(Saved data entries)

(* Let $\Lambda\subseteq\Sigma_A$ and $\Gamma\subseteq\Sigma_B$ be shift spaces with $\mathcal O\in\Lambda$, and let $\Phi:\Lambda\to\Gamma$ be a sliding block code. Then $\Phi(\mathcal O)$ is a constant sequence, that is, either $\Phi(\mathcal O)=\mathcal O$ or $\Phi(\mathcal O)=(ddd\dots)$ for some $d\in L_\Gamma$.
   Context: $A,B$ are countable discrete alphabets; $\varepsilon$ is the empty letter. $\Sigma_A$ consists of $A^{\mathbb N}$ together with (when $A$ is infinite) the finite sequences in $A\cup\{\varepsilon\}$ (some entry $\varepsilon$, and all entries after the first $\varepsilon$ equal $\varepsilon$), including the empty sequence $\mathcal O=(\varepsilon\varepsilon\dots)$; its topology is generated by the generalized cylinders $Z(x,F)=\{y: y_i=x_i\ (i\le l(x)),\ y_{l(x)+1}\notin F\}$ ($x$ finite of length $l(x)$, $F\subset A$ finite). The shift is $\sigma((x_i)_i)=(x_{i+1})_i$, so $\sigma(\mathcal O)=\mathcal O$. $L_\Gamma$ is the set of letters of $B$ occurring in elements of $\Gamma$. A shift space is a closed, $\sigma$-invariant $\Lambda\subseteq\Sigma_A$ with the infinite extension property ($\mathcal O\in\Lambda$ iff infinitely many letters occur in $\Lambda$; a finite $x\neq\mathcal O$ is in $\Lambda$ iff infinitely many letters $b$ are such that $xb$ occurs as a word in some element of $\Lambda$). $B(\Sigma_A)$ denotes the set of finite words occurring in elements of $\Sigma_A$. A set $C\subseteq\Lambda$ is finitely defined in $\Lambda$ if there exist $I,J\subseteq\mathbb N$, integers $\ell_i,n_j\ge0$ and words $b_i,d_j\in B(\Sigma_A)$ with $C=\{x\in\Lambda: (x_1\dots x_{1+\ell_i})=b_i\text{ for some } i\}$ and $\Lambda\setminus C=\{x\in\Lambda: (x_1\dots x_{1+n_j})=d_j\text{ for some } j\}$. A map $\Phi:\Lambda\to\Gamma$ is a sliding block code if there is a partition $\{C_a\}_{a\in B\cup\{\varepsilon\}}$ of $\Lambda$ into finitely defined sets with $\sigma(C_\varepsilon)\subseteq C_\varepsilon$ such that for all $x\in\Lambda$, $n\in\mathbb N$, $(\Phi(x))_n$ is the unique $a$ with $\sigma^{n-1}(x)\in C_a$. *)

theory Defs
  imports "HOL-Analysis.Analysis" "HOL-Library.Countable"
begin

text \<open>Sequences over A \<union> {\<epsilon>} are modelled as functions nat \<Rightarrow> 'a option, with None
  the empty letter \<epsilon>; index 0 corresponds to the first coordinate x_1.\<close>

type_synonym 'a seq = "nat \<Rightarrow> 'a option"

definition Sigma_space :: "'a seq set" where
  "Sigma_space =
     (if finite (UNIV :: 'a set) then {x. \<forall>i. x i \<noteq> None}
      else {x. \<forall>i j. i \<le> j \<longrightarrow> x i = None \<longrightarrow> x j = None})"

definition empty_seq :: "'a seq" where
  "empty_seq = (\<lambda>_. None)"

definition shift :: "'a seq \<Rightarrow> 'a seq" where
  "shift x = (\<lambda>i. x (Suc i))"

definition seq_of_word :: "'a list \<Rightarrow> 'a seq" where
  "seq_of_word w = (\<lambda>i. if i < length w then Some (w ! i) else None)"

text \<open>Generalized cylinder Z(x,F), x the finite sequence with letters w (l(x) = length w).\<close>
definition gen_cylinder :: "'a list \<Rightarrow> 'a set \<Rightarrow> 'a seq set" where
  "gen_cylinder w F = {y \<in> Sigma_space. (\<forall>i < length w. y i = Some (w ! i)) \<and>
                                         y (length w) \<notin> Some ` F}"

definition Sigma_topology :: "'a seq topology" where
  "Sigma_topology = subtopology
     (topology_generated_by {gen_cylinder w F | w F. finite F}) Sigma_space"

definition letters_of :: "'a seq set \<Rightarrow> 'a set" where
  "letters_of \<Lambda> = {a. \<exists>y\<in>\<Lambda>. \<exists>i. y i = Some a}"

definition occurs_in :: "'c list \<Rightarrow> (nat \<Rightarrow> 'c) \<Rightarrow> bool" where
  "occurs_in w y \<longleftrightarrow> (\<exists>k. \<forall>i < length w. y (k + i) = w ! i)"

definition infinite_extension_property :: "'a seq set \<Rightarrow> bool" where
  "infinite_extension_property \<Lambda> \<longleftrightarrow>
     (empty_seq \<in> \<Lambda> \<longleftrightarrow> infinite (letters_of \<Lambda>)) \<and>
     (\<forall>w. w \<noteq> [] \<longrightarrow>
        (seq_of_word w \<in> \<Lambda> \<longleftrightarrow>
           infinite {b. \<exists>y\<in>\<Lambda>. occurs_in (map Some (w @ [b])) y}))"

definition shift_space :: "'a seq set \<Rightarrow> bool" where
  "shift_space \<Lambda> \<longleftrightarrow> \<Lambda> \<subseteq> Sigma_space \<and> closedin Sigma_topology \<Lambda> \<and>
     shift ` \<Lambda> \<subseteq> \<Lambda> \<and> infinite_extension_property \<Lambda>"

definition blocks_Sigma :: "'a option list set" where
  "blocks_Sigma = {w. \<exists>y\<in>Sigma_space. occurs_in w y}"

definition prefix_seq :: "'a seq \<Rightarrow> nat \<Rightarrow> 'a option list" where
  "prefix_seq x n = map x [0..<n]"

definition finitely_defined :: "'a seq set \<Rightarrow> 'a seq set \<Rightarrow> bool" where
  "finitely_defined \<Lambda> C \<longleftrightarrow> C \<subseteq> \<Lambda> \<and>
     (\<exists>(I::nat set) (J::nat set) (l::nat \<Rightarrow> nat) (n::nat \<Rightarrow> nat)
        (b::nat \<Rightarrow> 'a option list) (d::nat \<Rightarrow> 'a option list).
        (\<forall>i\<in>I. b i \<in> blocks_Sigma) \<and> (\<forall>j\<in>J. d j \<in> blocks_Sigma) \<and>
        C = {x \<in> \<Lambda>. \<exists>i\<in>I. prefix_seq x (Suc (l i)) = b i} \<and>
        \<Lambda> - C = {x \<in> \<Lambda>. \<exists>j\<in>J. prefix_seq x (Suc (n j)) = d j})"

definition sliding_block_code ::
  "'a seq set \<Rightarrow> 'b seq set \<Rightarrow> ('a seq \<Rightarrow> 'b seq) \<Rightarrow> bool" where
  "sliding_block_code \<Lambda> \<Gamma> \<Phi> \<longleftrightarrow> \<Phi> ` \<Lambda> \<subseteq> \<Gamma> \<and>
     (\<exists>C :: 'b option \<Rightarrow> 'a seq set.
        (\<forall>a. finitely_defined \<Lambda> (C a)) \<and>
        (\<forall>a a'. a \<noteq> a' \<longrightarrow> C a \<inter> C a' = {}) \<and>
        (\<Union>a. C a) = \<Lambda> \<and>
        shift ` C None \<subseteq> C None \<and>
        (\<forall>x\<in>\<Lambda>. \<forall>n. \<Phi> x n = (THE a. (shift ^^ n) x \<in> C a)))"

end

theory Submission
  imports Defs
begin

text \<open>The empty sequence is a fixed point of the shift, and the letter \<open>\<Phi> x n\<close> of a sliding
  block code only depends on the shifted point \<open>\<sigma>\<^sup>n x\<close>; hence \<open>\<Phi>\<close> is constant on the orbit of
  any fixed point, and in particular \<open>\<Phi> \<O>\<close> is a constant sequence.\<close>

lemma shift_empty_seq: "shift empty_seq = empty_seq"
  by (simp add: shift_def empty_seq_def)

lemma funpow_shift_fixpoint: "shift x = x \<Longrightarrow> (shift ^^ n) x = x"
  by (induction n) simp_all

lemma sliding_block_code_fixpoint_constant:
  assumes "sliding_block_code \<Lambda> \<Gamma> \<Phi>" and "x \<in> \<Lambda>" and "shift x = x"
  shows "\<exists>a. \<Phi> x = (\<lambda>_. a)"
proof -
  obtain C :: "'b option \<Rightarrow> 'a seq set" where
    disjoint: "\<forall>a a'. a \<noteq> a' \<longrightarrow> C a \<inter> C a' = {}" and cover: "(\<Union>a. C a) = \<Lambda>"
    and letters: "\<forall>x\<in>\<Lambda>. \<forall>n. \<Phi> x n = (THE a. (shift ^^ n) x \<in> C a)"
    using assms(1) unfolding sliding_block_code_def by blast
  obtain a where "x \<in> C a"
    using cover assms(2) by blast
  then have "(THE a. x \<in> C a) = a"
    using disjoint by (intro the_equality) auto
  then have "\<Phi> x = (\<lambda>_. a)"
    using letters assms(2,3) by (auto simp: funpow_shift_fixpoint)
  then show ?thesis ..
qed

lemma letters_of_constant_seq: "(\<lambda>_. Some d) \<in> \<Gamma> \<Longrightarrow> d \<in> letters_of \<Gamma>"
  unfolding letters_of_def by force

theorem mainTheorem5:
  fixes \<Lambda> :: "('a::countable) seq set" and \<Gamma> :: "('b::countable) seq set"
    and \<Phi> :: "'a seq \<Rightarrow> 'b seq"
  assumes "shift_space \<Lambda>" and "shift_space \<Gamma>"
    and "empty_seq \<in> \<Lambda>"
    and "sliding_block_code \<Lambda> \<Gamma> \<Phi>"
  shows "\<Phi> empty_seq = empty_seq \<or> (\<exists>d \<in> letters_of \<Gamma>. \<Phi> empty_seq = (\<lambda>_. Some d))"
proof -
  obtain a where const: "\<Phi> empty_seq = (\<lambda>_. a)"
    using sliding_block_code_fixpoint_constant[OF assms(4,3) shift_empty_seq] by blast
  have "\<Phi> empty_seq \<in> \<Gamma>"
    using assms(3,4) unfolding sliding_block_code_def by blast
  show ?thesis
  proof (cases a)
    case None
    then show ?thesis using const by (simp add: empty_seq_def)
  next
    case (Some d)
    then have "d \<in> letters_of \<Gamma>"
      using const \<open>\<Phi> empty_seq \<in> \<Gamma>\<close> by (simp add: letters_of_constant_seq)
    then show ?thesis
      using const Some by blast
  qed
qed

end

▶ _What to produce_
Repeat word for word the lines above that run from the line containing "(b::nat \<Rightarrow> 'a" through the line containing "(\<forall>x\<in>\<Lambda>. \<forall>n. \<Phi>", both ends included, and nothing else.

▶ _Answer box_
        (b::nat \<Rightarrow> 'a option list) (d::nat \<Rightarrow> 'a option list).
        (\<forall>i\<in>I. b i \<in> blocks_Sigma) \<and> (\<forall>j\<in>J. d j \<in> blocks_Sigma) \<and>
        C = {x \<in> \<Lambda>. \<exists>i\<in>I. prefix_seq x (Suc (l i)) = b i} \<and>
        \<Lambda> - C = {x \<in> \<Lambda>. \<exists>j\<in>J. prefix_seq x (Suc (n j)) = d j})"

definition sliding_block_code ::
  "'a seq set \<Rightarrow> 'b seq set \<Rightarrow> ('a seq \<Rightarrow> 'b seq) \<Rightarrow> bool" where
  "sliding_block_code \<Lambda> \<Gamma> \<Phi> \<longleftrightarrow> \<Phi> ` \<Lambda> \<subseteq> \<Gamma> \<and>
     (\<exists>C :: 'b option \<Rightarrow> 'a seq set.
        (\<forall>a. finitely_defined \<Lambda> (C a)) \<and>
        (\<forall>a a'. a \<noteq> a' \<longrightarrow> C a \<inter> C a' = {}) \<and>
        (\<Union>a. C a) = \<Lambda> \<and>
        shift ` C None \<subseteq> C None \<and>
        (\<forall>x\<in>\<Lambda>. \<forall>n. \<Phi> x n = (THE a. (shift ^^ n) x \<in> C a)))"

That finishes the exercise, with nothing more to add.